Our Teaching

We teach Green Chemistry in our degree courses & have implemented measures to make our practical coursework more sustainable.

Practical Chemistry Teaching

Our 4P Teaching Labs hold a Gold Sustainable Lab Award and the School of Chemistry as a whole has a Silver Award. Experiments use air condensors and recirculating chillers for rotary evaporators to avoid the unnecessary waste of water.

The current Curriculum Transformation Programme within the School is also looking at how practical experiments can be modified to reduce waste; for example using the end product of experiments as the starting material for others, introducing new experiments based on the core principles of Green Chemistry and replacing experiments with those that consume less resources.

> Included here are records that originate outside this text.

lemma card_proper_divisors_prod_primes:
  assumes S: "finite S" "\<forall>p\<in>S. prime p"
  shows "2 ^ card S \<le> card {d. d dvd \<Prod>S \<and> 1 < d \<and> d < (\<Prod>S :: nat)} + 2"
proof -
  have "inj_on (\<lambda>T. \<Prod>T) (Pow S - {{}, S})"
    using inj_on_prod_primes[OF S] by (rule inj_on_subset) blast
  then have "card (Pow S - {{}, S}) = card ((\<lambda>T. \<Prod>T) ` (Pow S - {{}, S}))"
    by (rule card_image[symmetric])
  also have "\<dots> \<le> card {d. d dvd \<Prod>S \<and> 1 < d \<and> d < \<Prod>S}"
  proof (rule card_mono)
    show "finite {d. d dvd \<Prod>S \<and> 1 < d \<and> d < \<Prod>S}" by simp
    show "(\<lambda>T. \<Prod>T) ` (Pow S - {{}, S}) \<subseteq> {d. d dvd \<Prod>S \<and> 1 < d \<and> d < \<Prod>S}"
      using prod_primes_proper_divisor[OF S] by blast
  qed
  finally have "card (Pow S - {{}, S}) \<le> card {d. d dvd \<Prod>S \<and> 1 < d \<and> d < \<Prod>S}" .
  moreover have "card {{}, S} \<le> 2" by (cases "S = {}") auto
  ultimately show ?thesis
    using diff_card_le_card_Diff[of "{{}, S}" "Pow S"] S by (simp add: card_Pow)
qed

lemma exp_ln_div_ln_ln_le:
  fixes a N P :: real and r :: nat
  assumes "0 < a" "1 < N" "2 ^ r \<le> P" "P \<le> N ^ r" and N_powr: "N powr a \<le> r * ln 2"
  shows "exp (a * ln 2 * ln P / ln (ln P)) \<le> 2 ^ r"
proof -
  have "0 < P" by (rule less_le_trans[OF _ assms(3)]) simp
  have "r * ln 2 = ln (2 ^ r)" by (simp add: ln_realpow)
  also have "\<dots> \<le> ln P" using assms(3) \<open>0 < P\<close> by simp
  finally have "r * ln 2 \<le> ln P" .
  have "ln P \<le> ln (N ^ r)" using assms(2,4) \<open>0 < P\<close> by simp
  also have "\<dots> = r * ln N" using assms(2) by (simp add: ln_realpow)
  finally have "ln P \<le> r * ln N" .
  have "0 < a * ln N" using assms(1,2) by simp
  have "1 < N powr a" using assms(1,2) by (rule gr_one_powr[rotated])
  have "a * ln N = ln (N powr a)" using assms(2) by (simp add: ln_powr)
  also have "\<dots> \<le> ln (ln P)"
    using N_powr \<open>r * ln 2 \<le> ln P\<close> \<open>1 < N powr a\<close> by (subst ln_le_cancel_iff) auto
  finally have "a * ln N \<le> ln (ln P)" .
  have "a * ln P \<le> r * (a * ln N)" using \<open>ln P \<le> r * ln N\<close> assms(1) by (simp add: mult_ac)
  also have "\<dots> \<le> r * ln (ln P)" using \<open>a * ln N \<le> ln (ln P)\<close> by (simp add: mult_left_mono)
  finally have "a * ln P / ln (ln P) \<le> r"
    using \<open>0 < a * ln N\<close> \<open>a * ln N \<le> ln (ln P)\<close> by (simp add: divide_le_eq)
  have "a * ln 2 * ln P / ln (ln P) = ln 2 * (a * ln P / ln (ln P))"
    by simp
  also have "\<dots> \<le> ln 2 * r"
    using \<open>a * ln P / ln (ln P) \<le> r\<close> by (intro mult_left_mono) auto
  finally have "exp (a * ln 2 * ln P / ln (ln P)) \<le> exp (r * ln 2)"
    by (simp add: mult.commute)
  also have "\<dots> = 2 ^ r" by (simp add: exp_of_nat_mult)
  finally show ?thesis .
qed

definition primorial :: "nat \<Rightarrow> nat" where
  "primorial N = \<Prod>{p. prime p \<and> p \<le> N}"

lemma prime_le_primorial:
  assumes "prime p" "p \<le> N"
  shows "p \<le> primorial N"
proof -
  have "p dvd primorial N"
    unfolding primorial_def using assms by (intro dvd_prodI) auto
  moreover have "primorial N > 0"
    unfolding primorial_def by (intro prod_pos) (auto intro: prime_gt_0_nat)
  ultimately show ?thesis by (rule dvd_imp_le)
qed

lemma R3_primorial_lower_bound:
  fixes a :: real
  assumes "0 < a" "3 \<le> N" and N_powr: "real N powr a \<le> card {p. prime p \<and> p \<le> N} * ln 2"
  shows "exp (a * ln 2 * ln (primorial N) / ln (ln (primorial N))) / 2 \<le> R3 (primorial N)"
proof -
  define S where "S = {p. prime p \<and> p \<le> N}"
  have S: "finite S" "\<forall>p\<in>S. prime p" by (auto simp: S_def)
  have "{2, 3} \<subseteq> S" using assms(2) by (auto simp: S_def)
  then have "card {2, 3::nat} \<le> card S" by (rule card_mono[OF S(1)])
  then have "2 \<le> card S" by simp
  then have "(2::real) ^ 2 \<le> 2 ^ card S" by (intro power_increasing) auto
  have "2 ^ card S \<le> R3 (primorial N) + 2"
    using card_proper_divisors_prod_primes[OF S] card_proper_divisors_le_R3[of "primorial N"]
    unfolding primorial_def S_def by linarith
  then have R3_bound: "(2::real) ^ card S \<le> R3 (primorial N) + 2"
    by (metis of_nat_add of_nat_le_iff of_nat_numeral of_nat_power)
  have "(2::nat) ^ card S \<le> primorial N"
    unfolding primorial_def S_def[symmetric] using S(2) by (rule power_card_le_prod_primes)
  moreover have "primorial N \<le> N ^ card S"
    unfolding primorial_def S_def[symmetric] using assms(2) by (intro prod_le_power) (auto simp: S_def)
  ultimately have "exp (a * ln 2 * ln (primorial N) / ln (ln (primorial N))) \<le> 2 ^ card S"
    using assms N_powr unfolding S_def[symmetric]
    by (intro exp_ln_div_ln_ln_le) (auto simp flip: of_nat_power)
  with R3_bound \<open>(2::real) ^ 2 \<le> 2 ^ card S\<close> show ?thesis
    by simp
qed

Details of the degrees offered by the School of Chemistry can be found here. Two of our course modules that address sustainability are outlined below.

Orange Polymer in Flask

This is a second year level 8 course for science students who wish to expand their knowledge into the applied field of environmental chemistry. The course is designed to broaden students' awareness of the new emphasis chemistry must place on matters of environment: the formation of the Earth's elements and Earth's chemical composition; how our physical environment reacts to anthropogenic chemicals and consequences of industrial processes; how chemical toxicity is affecting the biosphere; what treatment and remediation processes are currently used to reverse anthropogenic changes to our environment.


A lecture course covering an introduction to the principles of Green or Sustainable Chemistry, including the impact that the chemical industry has on human health and the environment, sustainable approaches to resource extraction and utilisation, and the role that catalysts can play in pollution control and increasing feedstock and energy efficiency.